AWS Inferentia2 (Inf2 for short) is the second-generation inference accelerator from AWS. Inf2 instances raise the performance of Inf1 (originally launched in 2019) by delivering 3x higher compute performance, 4x larger total accelerator memory, up to 4x higher throughput, and up to 10x lower latency. Inf2 instances are the first inference-optimized instances in Amazon EC2 to support scale-out distributed inference with ultra-high-speed connectivity between accelerators.

Relative to the AWS G5 instances (NVIDIA A10G), Inf2 instances promise up to 50% better performance-per-watt. Inf2 instances are ideal for applications such as natural language processing, recommender systems, image classification and recognition, speech recognition, and language translation that can take advantage of scale-out distributed inference.

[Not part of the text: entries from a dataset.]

text \<open>
  Both properties are proved by contradiction, and in both cases a failure produces points
  (x k, y k) of the graph converging to (xb, yb) tangentially to (u, 0), with y k \<noteq> yb,
  together with regular normals (\<eta> k, - l k) to the graph such that \<eta> k tends to 0 and
  l k is asymptotically the unit vector in the direction of y k - yb. A cluster point lam
  of the l k is a nonzero element of the kernel of the directional limiting coderivative,
  and along a subsequence each nonzero coordinate of lam in E has the sign of the
  corresponding coordinate of y k - yb: exactly the configuration excluded by
  quasi-normality.

  For strong asymptotic regularity the defining sequences themselves, with the multipliers
  normalised, form such a configuration, so the premise of that implication never holds.
  For metric subregularity, a point x near xb in direction u at which subregularity fails
  with modulus n^2 is replaced by a minimiser of norm (y' - yb) + \<beta> * norm (x' - x)^2 over
  the graph. With d the distance from x to the solution set and \<beta> = n^2 * dist(yb, \<Phi> x) / d^2,
  the minimiser stays within d / n of x, hence off the solution set, and the gradient of
  the objective there is the required regular normal.
\<close>

section \<open>Regular normals\<close>

lemma reg_normal_coneI_quadratic:
  assumes "z \<in> Q" "C \<ge> 0" "\<And>z'. z' \<in> Q \<Longrightarrow> v \<bullet> (z' - z) \<le> C * (norm (z' - z))\<^sup>2"
  shows "v \<in> reg_normal_cone Q z"
  unfolding reg_normal_cone_def
proof (intro CollectI conjI allI impI)
  fix \<epsilon> :: real assume "\<epsilon> > 0"
  show "\<exists>\<delta>>0. \<forall>z'\<in>Q. norm (z' - z) < \<delta> \<longrightarrow> v \<bullet> (z' - z) \<le> \<epsilon> * norm (z' - z)"
  proof (intro exI[of _ "\<epsilon> / (C + 1)"] conjI ballI impI)
    show "\<epsilon> / (C + 1) > 0" using \<open>\<epsilon> > 0\<close> \<open>C \<ge> 0\<close> by simp
    fix z' assume "z' \<in> Q" and small: "norm (z' - z) < \<epsilon> / (C + 1)"
    have "C * norm (z' - z) \<le> (C + 1) * norm (z' - z)" by (simp add: distrib_right)
    also have "\<dots> \<le> \<epsilon>" using small \<open>C \<ge> 0\<close> by (simp add: field_simps)
    finally have "C * norm (z' - z) \<le> \<epsilon>" .
    then have "C * (norm (z' - z))\<^sup>2 \<le> \<epsilon> * norm (z' - z)"
      by (simp add: power2_eq_square mult_right_mono flip: mult.assoc)
    then show "v \<bullet> (z' - z) \<le> \<epsilon> * norm (z' - z)"
      using assms(3)[OF \<open>z' \<in> Q\<close>] by linarith
  qed
qed (fact assms(1))

lemma reg_normal_cone_scaleR:
  assumes "v \<in> reg_normal_cone Q z" "c \<ge> 0"
  shows "c *\<^sub>R v \<in> reg_normal_cone Q z"
  unfolding reg_normal_cone_def
proof (intro CollectI conjI allI impI)
  show "z \<in> Q" using assms(1) by (simp add: reg_normal_cone_def)
  fix \<epsilon> :: real assume "\<epsilon> > 0"
  then have "\<epsilon> / (c + 1) > 0" using \<open>c \<ge> 0\<close> by simp
  then obtain \<delta> where "\<delta> > 0"
    and \<delta>: "\<forall>z'\<in>Q. norm (z' - z) < \<delta> \<longrightarrow> v \<bullet> (z' - z) \<le> \<epsilon> / (c + 1) * norm (z' - z)"
    using assms(1) unfolding reg_normal_cone_def by blast
  have c_scaled: "c * (\<epsilon> / (c + 1)) \<le> \<epsilon>"
    using \<open>c \<ge> 0\<close> \<open>\<epsilon> > 0\<close> by (simp add: field_simps)
  show "\<exists>\<delta>>0. \<forall>z'\<in>Q. norm (z' - z) < \<delta> \<longrightarrow> (c *\<^sub>R v) \<bullet> (z' - z) \<le> \<epsilon> * norm (z' - z)"
  proof (intro exI[of _ \<delta>] conjI ballI impI)
    fix z' assume "z' \<in> Q" "norm (z' - z) < \<delta>"
    then have "c * (v \<bullet> (z' - z)) \<le> c * (\<epsilon> / (c + 1) * norm (z' - z))"
      using \<delta> \<open>c \<ge> 0\<close> by (blast intro: mult_left_mono)
    also have "\<dots> \<le> \<epsilon> * norm (z' - z)"
      using mult_right_mono[OF c_scaled norm_ge_zero] by (simp only: mult.assoc)
    finally show "(c *\<^sub>R v) \<bullet> (z' - z) \<le> \<epsilon> * norm (z' - z)" by simp
  qed (fact \<open>\<delta> > 0\<close>)
qed

lemma reg_coderiv_imp_gph: "\<xi> \<in> reg_coderiv \<Phi> x y l \<Longrightarrow> (x, y) \<in> gph \<Phi>"
  by (simp add: reg_coderiv_def reg_normal_cone_def)

lemma LIMSEQ_norm_bound:
  fixes f :: "nat \<Rightarrow> 'a::real_normed_vector"
  assumes "\<And>k. norm (f k - L) \<le> g k" "g \<longlonglongrightarrow> 0"
  shows "f \<longlonglongrightarrow> L"
  using Lim_null_comparison[of "\<lambda>k. f k - L" g] assms by (simp add: LIM_zero_cancel)

section \<open>Sequences violating quasi-normality\<close>

lemma eventually_sign_agreement:
  fixes q :: "nat \<Rightarrow> 'b::real_inner"
  assumes "finite E" "q \<longlonglongrightarrow> lam"
  shows "\<forall>\<^sub>F k in sequentially. \<forall>e\<in>E. lam \<bullet> e \<noteq> 0 \<longrightarrow> (lam \<bullet> e) * (q k \<bullet> e) > 0"
proof -
  have "\<forall>\<^sub>F k in sequentially. lam \<bullet> e \<noteq> 0 \<longrightarrow> (lam \<bullet> e) * (q k \<bullet> e) > 0" for e
  proof (cases "lam \<bullet> e = 0")
    case False
    have "(\<lambda>k. (lam \<bullet> e) * (q k \<bullet> e)) \<longlonglongrightarrow> (lam \<bullet> e) * (lam \<bullet> e)"
      by (intro tendsto_mult tendsto_inner tendsto_const assms(2))
    moreover have "(lam \<bullet> e) * (lam \<bullet> e) > 0"
      using False by (simp add: not_square_less_zero less_le)
    ultimately have "\<forall>\<^sub>F k in sequentially. (lam \<bullet> e) * (q k \<bullet> e) > 0"
      by (rule order_tendstoD(1))
    then show ?thesis
      by (rule eventually_mono) simp
  qed simp
  then show ?thesis
    by (intro eventually_ball_finite[OF assms(1)] ballI)
qed

lemma ker_dir_coderivI:
  assumes x_ne: "\<And>k. x k \<noteq> xb"
    and coderiv: "\<And>k. \<eta> k \<in> reg_coderiv \<Phi> (x k) (y k) (l k)"
    and "x \<longlonglongrightarrow> xb" "\<eta> \<longlonglongrightarrow> 0" "l \<longlonglongrightarrow> lam"
    and "(\<lambda>k. (x k - xb) /\<^sub>R norm (x k - xb)) \<longlonglongrightarrow> u"
    and "(\<lambda>k. (y k - yb) /\<^sub>R norm (x k - xb)) \<longlonglongrightarrow> 0"
  shows "lam \<in> ker_sv (dir_coderiv \<Phi> xb yb u 0)"
proof -
  define t where "t k = norm (x k - xb)" for k
  define w where "w k = ((x k - xb) /\<^sub>R t k, (y k - yb) /\<^sub>R t k)" for k
  have t_pos: "t k > 0" for k
    using x_ne unfolding t_def by simp
  have "t \<longlonglongrightarrow> norm (xb - xb)"
    unfolding t_def by (intro tendsto_intros assms)
  moreover have "w \<longlonglongrightarrow> (u, 0)"
    unfolding w_def t_def by (intro tendsto_Pair assms)
  moreover have "(\<lambda>k. (\<eta> k, - l k)) \<longlonglongrightarrow> (0, - lam)"
    by (intro tendsto_intros assms)
  moreover have "(\<eta> k, - l k) \<in> reg_normal_cone (gph \<Phi>) ((xb, yb) + t k *\<^sub>R w k)" for k
    using coderiv[of k] t_pos[of k] by (simp add: w_def reg_coderiv_def)
  ultimately have "(0, - lam) \<in> dir_normal_cone (gph \<Phi>) (xb, yb) (u, 0)"
    unfolding dir_normal_cone_def using t_pos by auto
  then show ?thesis
    by (simp add: ker_sv_def dir_coderiv_def)
qed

Instance Size	Inf2 Accelerators	Accelerator Memory (GB)	vCPU	Memory (GiB)	On-Demand Price	Spot Price
inf2.xlarge	1	32	4	16	$0.76	$0.32
inf2.8xlarge	1	32	32	128	$1.97	$0.79
inf2.24xlarge	6	192	96	384	$6.49	$2.45
inf2.48xlarge	12	384	192	768	$12.98	$5.13

🏃‍♂️ NOS Inference Runtime¶

The NOS inference server supports custom runtime environments through the use of the InferenceServiceRuntime class - a high-level interface for defining new containerized and hardware-aware runtime environments. NOS already ships with runtime environments for NVIDIA GPUs (gpu) and Intel/ARM CPUs (cpu). Today, we're adding the NOS Inferentia2 runtime (inf2) with the AWS Neuron drivers, the AWS Neuron SDK and NOS pre-installed. This allows developers to quickly develop applications for AWS Inferentia2, without wasting any precious time on the complexities of setting up the AWS Neuron SDK and the AWS Inferentia2 driver environments.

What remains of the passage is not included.